Originally Posted by *bright-eyes* 
i may be a bit biased in this conversation as i'm currently stretching to a 0.
and as for the 'gauging' versus 'stretching' thing, i think its different depending where you are. just like you can call the things you use to stretch either tapers or stretchers.

Yeah, the MBP I mentioned in my PP usually calls it gauging (or stretching, I realized - he doesn't ALWAYS say gauging), and the thingies







he uses, he calls tapers. I really think it differs from place to place and shop to shop - I asked him about the whole "body piercers consider it uncool to call it gauging" thing and he just laughed. And he's been doing it for 14 years!
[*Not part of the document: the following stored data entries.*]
lemma maximal_operator_gaussian_hessian_ge:
  fixes y P :: "real \<times> real"
  assumes "\<theta> \<le> 1 - P \<bullet> P" "\<theta> > 0" "e > 0" "lam > 0"
  shows "maximal_operator P (\<lambda>h. (-2*lam*e) *\<^sub>R h + (4*lam\<^sup>2*e*(y \<bullet> h)) *\<^sub>R y)
    \<ge> 4*lam*e*(lam*\<theta>*(y \<bullet> y) - 1)"
proof -
  have tr: "plane_trace (\<lambda>h. (-2*lam*e) *\<^sub>R h + (4*lam\<^sup>2*e*(y \<bullet> h)) *\<^sub>R y)
      = -4*lam*e + 4*lam\<^sup>2*e*(y \<bullet> y)"
    unfolding plane_trace_def by (cases y) (simp add: algebra_simps power2_eq_square)
  have quad: "P \<bullet> ((-2*lam*e) *\<^sub>R P + (4*lam\<^sup>2*e*(y \<bullet> P)) *\<^sub>R y)
      = -2*lam*e*(P \<bullet> P) + 4*lam\<^sup>2*e*(y \<bullet> P)\<^sup>2"
    by (simp add: inner_add_right inner_commute power2_eq_square algebra_simps)
  have "(1 - P \<bullet> P) * (4*lam\<^sup>2*e*(y \<bullet> y)) \<ge> \<theta> * (4*lam\<^sup>2*e*(y \<bullet> y))"
    using assms by (intro mult_right_mono) auto
  moreover have "4*lam\<^sup>2*e*(y \<bullet> P)\<^sup>2 \<ge> 0" "2*lam*e*(P \<bullet> P) \<ge> 0" using assms by auto
  ultimately show ?thesis unfolding maximal_operator_def tr quad
    by (simp add: algebra_simps power2_eq_square)
qed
As an aside, I would let her do it. I don't think it's at all comparable to smoking cigarettes or doing drugs to fit in - those things are destructive and illegal, stretching/gauging her ears is not. Just my opinion.


----------



## Mizelenius

Quote:


Originally Posted by *mommy68* 
Aren't we supposed to be teaching our children to be themselves??

I always thought this about the "alternative" people at my high school. I thought it ironic that (1) they tried hard to look different from the mainstream because that in and of itself VALIDATES the mainstream and (2) in their attempts to look different, they ended up looking exactly like each other.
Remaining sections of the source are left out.